[Start of section]

lemma car_WO_TmO:
  "car (WO n (TmO (Suc n) X)) = {\<sigma>. set_mset \<sigma> \<subseteq> tcar n {u \<in> tcar (Suc n) (car X). label u = 0}}"
  by (simp add: car_WO car_TmO)

lemma label_set_ktree_WO_TmO:
  "\<sigma> \<in> car (WO n (TmO (Suc n) X)) \<Longrightarrow> s \<in># \<sigma> \<Longrightarrow> \<forall>u\<in>set_ktree s. label u = 0"
  unfolding car_WO_TmO by (auto dest!: set_ktree_tcar)

lemma mset_emb_image_pi_iff:
  assumes "\<forall>s\<in>#\<sigma> + \<tau>. \<forall>u\<in>set_ktree s. label u = 0"
  shows "mset_emb (tle le) (image_mset pi \<sigma>) (image_mset pi \<tau>) \<longleftrightarrow> mset_emb (tle (tle le)) \<sigma> \<tau>"
  unfolding mset_emb_image_mset_iff
proof (intro mset_emb_cong ballI)
  fix a b assume "a \<in># \<sigma>" "b \<in># \<tau>"
  with assms have "\<forall>u\<in>set_ktree a. label u = 0" "\<forall>u\<in>set_ktree b. label u = 0"
    by auto
  then show "tle le (pi a) (pi b) \<longleftrightarrow> tle (tle le) a b"
    by (simp add: tle_tle_iff_tle_pi)
qed

lemma kfp_TmO:
  assumes "is_po X"
  shows "kfp (WO n) (WS n) X (TmO (Suc n) X) iota kappa"
proof -
  let ?Z = "TmO (Suc n) X"
  have fin_le_iff: "(\<exists>t\<in>#image_mset pi \<tau>. tle (leq X) w t) \<longleftrightarrow> fin_le (leq ?Z) {w} (WS n ?Z \<tau>)"
    if "label w = 0" for w \<tau>
    using that by (auto simp: leq_TmO WS_eq fin_le_def low_tle_pi_iff)
  show ?thesis
    unfolding kfp_def
  proof (intro conjI ballI impI)
    show "is_po ?Z"
      using assms by (rule is_po_TmO)
  next
    show "iota x \<in> car ?Z" if "x \<in> car X" for x
      using that by (simp add: iota_def car_TmO)
  next
    show "kappa \<sigma> \<in> car ?Z" if "\<sigma> \<in> car (WO n ?Z)" for \<sigma>
      using that pi_tcar unfolding kappa_def car_WO_TmO car_TmO by auto
  next
    show "iota ` car X \<inter> kappa ` car (WO n ?Z) = {}"
      by (auto simp: iota_def kappa_def)
  next
    show "leq X x y" if "leq ?Z (iota x) (iota y)" for x y
      using that by (simp add: iota_def leq_TmO)
  next
    show "leq ?Z (iota x) (kappa \<tau>) \<longleftrightarrow> fin_le (leq ?Z) {iota x} (WS n ?Z \<tau>)" for x \<tau>
      using fin_le_iff[of "iota x" \<tau>] by (simp add: iota_def kappa_def leq_TmO tle_Star_iff)
  next
    show "\<not> leq ?Z (kappa \<sigma>) (iota y)" for \<sigma> y
      by (simp add: iota_def kappa_def leq_TmO)
  next
    fix \<sigma> \<tau> assume \<sigma>: "\<sigma> \<in> car (WO n ?Z)" and \<tau>: "\<tau> \<in> car (WO n ?Z)"
    have "mset_emb (tle (leq X)) (image_mset pi \<sigma>) (image_mset pi \<tau>) \<longleftrightarrow> leq (WO n ?Z) \<sigma> \<tau>"
      unfolding leq_WO leq_TmO
      using label_set_ktree_WO_TmO[OF \<sigma>] label_set_ktree_WO_TmO[OF \<tau>]
      by (intro mset_emb_image_pi_iff) auto
    with fin_le_iff[of "kappa \<sigma>" \<tau>]
    show "leq ?Z (kappa \<sigma>) (kappa \<tau>) \<longleftrightarrow> leq (WO n ?Z) \<sigma> \<tau> \<or> fin_le (leq ?Z) {kappa \<sigma>} (WS n ?Z \<tau>)"
      unfolding leq_TmO by (simp add: kappa_def tle_Star_iff)
  qed
qed

section \<open>Initiality\<close>

text \<open>For a Kruskal fixed point \<open>(Z, i, k)\<close>, \<open>kfp_map i k\<close> is the morphism from
  \<open>T\<^sup>-\<^sub>n\<^sub>+\<^sub>1(X)\<close> to \<open>Z\<close>; it is only meaningful on trees of label \<open>0\<close>. Its defining recursion
  \<open>kfp_map i k (Star 0 \<sigma>) = k (WM (kfp_map i k) (image_mset pi_inv \<sigma>))\<close> is not structural, so it is
  computed through \<open>kfp_tree i k\<close>, which equals \<open>map_ktree (kfp_map i k) \<circ> pi_inv\<close> (\<open>kfp_tree_eq\<close>).\<close>

primrec kfp_tree :: "('a \<Rightarrow> 'y) \<Rightarrow> ('y ktree multiset \<Rightarrow> 'y) \<Rightarrow> 'a ktree \<Rightarrow> 'y ktree" where
  "kfp_tree i k (Bar x) = Bar (i x)"
| "kfp_tree i k (Star j \<sigma>) =
    (case j of 0 \<Rightarrow> Bar (k (image_mset (kfp_tree i k) \<sigma>)) | Suc j' \<Rightarrow> Star j' (image_mset (kfp_tree i k) \<sigma>))"

definition kfp_map :: "('a \<Rightarrow> 'y) \<Rightarrow> ('y ktree multiset \<Rightarrow> 'y) \<Rightarrow> 'a ktree \<Rightarrow> 'y" where
  "kfp_map i k t = (case kfp_tree i k t of Bar z \<Rightarrow> z)"

lemma kfp_tree_low: "label t = 0 \<Longrightarrow> kfp_tree i k t = Bar (kfp_map i k t)"
  by (cases t) (simp_all add: kfp_map_def)

lemma kfp_map_Bar [simp]: "kfp_map i k (Bar x) = i x"
  by (simp add: kfp_map_def)

lemma kfp_map_Star0 [simp]: "kfp_map i k (Star 0 \<sigma>) = k (image_mset (kfp_tree i k) \<sigma>)"
  by (simp add: kfp_map_def)

lemma kfp_tree_eq: "kfp_tree i k t = map_ktree (kfp_map i k) (pi_inv t)"
proof (induction t)
  case (Star j \<sigma>)
  then show ?case
    by (cases j) (simp_all add: multiset.map_comp cong: multiset.map_cong)
qed simp

lemma kfp_tree_pi: "\<forall>u\<in>set_ktree s. label u = 0 \<Longrightarrow> kfp_tree i k (pi s) = map_ktree (kfp_map i k) s"
  by (simp add: kfp_tree_eq pi_inv_pi)

lemma set_ktree_pi_inv_child:
  assumes "Star j \<sigma> \<in> tcar (Suc n) (car X)" "t \<in># \<sigma>" "w \<in> set_ktree (pi_inv t)"
  shows "w \<in> car (TmO (Suc n) X)" "size w < size (Star j \<sigma>)"
proof -
  have "t \<in> tcar (Suc n) (car X)"
    using assms(1,2) by simp
  then show "w \<in> car (TmO (Suc n) X)"
    unfolding car_TmO using pi_inv_tcar set_ktree_tcar assms(3) by blast
  show "size w < size (Star j \<sigma>)"
    using size_set_ktree_pi_inv[OF assms(3)] size_ktree_Star_member[OF assms(2), of j] by simp
qed

lemma kfp_tree_tcar:
  assumes "kfp (WO n) (WS n) X Z i k"
  shows "t \<in> tcar (Suc n) (car X) \<Longrightarrow> kfp_tree i k t \<in> tcar n (car Z)"
proof (induction rule: tcar.induct)
  case (bar x)
  with assms show ?case
    unfolding kfp_def by simp
next
  case (star j \<sigma>)
  then have "image_mset (kfp_tree i k) \<sigma> \<in> car (WO n Z)"
    by (auto simp: car_WO)
  with assms star show ?case
    unfolding kfp_def by (cases j) auto
qed

lemma kfp_map_car:
  "kfp (WO n) (WS n) X Z i k \<Longrightarrow> u \<in> car (TmO (Suc n) X) \<Longrightarrow> kfp_map i k u \<in> car Z"
  using kfp_tree_tcar[of n X Z i k u] kfp_tree_low[of u i k] by (simp add: car_TmO)

lemma kfp_map_kappa:
  assumes "\<sigma> \<in> car (WO n (TmO (Suc n) X))"
  shows "kfp_map i k (kappa \<sigma>) = k (WM (kfp_map i k) \<sigma>)"
proof -
  have "image_mset (kfp_tree i k \<circ> pi) \<sigma> = image_mset (map_ktree (kfp_map i k)) \<sigma>"
    using label_set_ktree_WO_TmO[OF assms] by (intro multiset.map_cong0) (simp add: kfp_tree_pi)
  then show ?thesis
    by (simp add: kappa_def WM_eq MM_def multiset.map_comp)
qed

lemma kfp_tree_reflects:
  assumes "\<forall>u\<in>set_ktree (pi_inv s). \<forall>v\<in>set_ktree (pi_inv t). R (kfp_map i k u) (kfp_map i k v) \<longrightarrow> tle le u v"
    and "tle R (kfp_tree i k s) (kfp_tree i k t)"
  shows "tle le s t"
proof -
  have "tle (\<lambda>u v. R (kfp_map i k u) (kfp_map i k v)) (pi_inv s) (pi_inv t)"
    using assms(2) by (simp add: kfp_tree_eq tle_map_ktree_iff)
  then have "tle (tle le) (pi_inv s) (pi_inv t)"
    using assms(1) by (rule tle_mono_on)
  moreover have "\<forall>u\<in>set_ktree (pi_inv s). label u = 0" "\<forall>u\<in>set_ktree (pi_inv t). label u = 0"
    using label_set_ktree_pi_inv by blast+
  ultimately show ?thesis
    by (simp add: tle_tle_iff_tle_pi)
qed

lemma mset_emb_kfp_tree_reflects:
  assumes "\<forall>a\<in>#\<sigma>. \<forall>b\<in>#\<tau>. \<forall>u\<in>set_ktree (pi_inv a). \<forall>v\<in>set_ktree (pi_inv b).
      R (kfp_map i k u) (kfp_map i k v) \<longrightarrow> tle le u v"
    and "mset_emb (tle R) (image_mset (kfp_tree i k) \<sigma>) (image_mset (kfp_tree i k) \<tau>)"
  shows "mset_emb (tle le) \<sigma> \<tau>"
  using assms(2) unfolding mset_emb_image_mset_iff
proof (rule mset_emb_mono, intro ballI impI)
  fix a b assume "a \<in># \<sigma>" "b \<in># \<tau>" "tle R (kfp_tree i k a) (kfp_tree i k b)"
  with assms(1) show "tle le a b"
    using kfp_tree_reflects[of a b R i k le] by blast
qed

lemma kfp_map_le_kfp_map_Star0:
  assumes kfp: "kfp (WO n) (WS n) X Z i k"
    and u: "u \<in> car (TmO (Suc n) X)" and \<tau>: "Star 0 \<tau> \<in> car (TmO (Suc n) X)"
    and le: "leq Z (kfp_map i k u) (kfp_map i k (Star 0 \<tau>))"
  shows "(\<exists>\<sigma>. u = Star 0 \<sigma> \<and>
            mset_emb (tle (leq Z)) (image_mset (kfp_tree i k) \<sigma>) (image_mset (kfp_tree i k) \<tau>))
    \<or> (\<exists>t\<in>#\<tau>. \<exists>w\<in>set_ktree (pi_inv t). leq Z (kfp_map i k u) (kfp_map i k w))"
proof -
  have car_image: "image_mset (kfp_tree i k) \<rho> \<in> car (WO n Z)" if "Star 0 \<rho> \<in> car (TmO (Suc n) X)" for \<rho>
    using that kfp_tree_tcar[OF kfp] by (auto simp: car_TmO car_WO)
  have fin_le_iff: "fin_le (leq Z) {z} (WS n Z (image_mset (kfp_tree i k) \<tau>)) \<longleftrightarrow>
      (\<exists>t\<in>#\<tau>. \<exists>w\<in>set_ktree (pi_inv t). leq Z z (kfp_map i k w))" for z
    by (auto simp: fin_le_def WS_eq kfp_tree_eq ktree.set_map)
  from u consider (Bar) x where "u = Bar x" "x \<in> car X" | (Star0) \<sigma> where "u = Star 0 \<sigma>"
    by (cases u) (auto simp: car_TmO)
  then show ?thesis
  proof cases
    case Bar
    then show ?thesis
      using kfp le car_image[OF \<tau>] fin_le_iff unfolding kfp_def by simp
  next
    case Star0
    then show ?thesis
      using kfp le car_image[OF \<tau>] car_image[of \<sigma>] u fin_le_iff unfolding kfp_def leq_WO by simp
  qed
qed

lemma kfp_map_le_kfp_map_Bar:
  assumes kfp: "kfp (WO n) (WS n) X Z i k"
    and u: "u \<in> car (TmO (Suc n) X)" and y: "y \<in> car X"
    and le: "leq Z (kfp_map i k u) (i y)"
  shows "\<exists>x. u = Bar x \<and> leq X x y"
proof -
  from u consider (Bar) x where "u = Bar x" "x \<in> car X" | (Star0) \<sigma> where "u = Star 0 \<sigma>"
    by (cases u) (auto simp: car_TmO)
  then show ?thesis
  proof cases
    case Bar
    with kfp le y show ?thesis
      unfolding kfp_def by simp
  next
    case Star0
    then have "image_mset (kfp_tree i k) \<sigma> \<in> car (WO n Z)"
      using u kfp_tree_tcar[OF kfp] by (auto simp: car_TmO car_WO)
    with Star0 kfp le y show ?thesis
      unfolding kfp_def by simp
  qed
qed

[End of section]

All lines of the entries above where "that" turns up should be reported.

    using that by (auto simp: leq_TmO WS_eq fin_le_def low_tle_pi_iff)
      using that by (simp add: iota_def car_TmO)
      using that pi_tcar unfolding kappa_def car_WO_TmO car_TmO by auto
      using that by (simp add: iota_def leq_TmO)
    using that kfp_tree_tcar[OF kfp] by (auto simp: car_TmO car_WO)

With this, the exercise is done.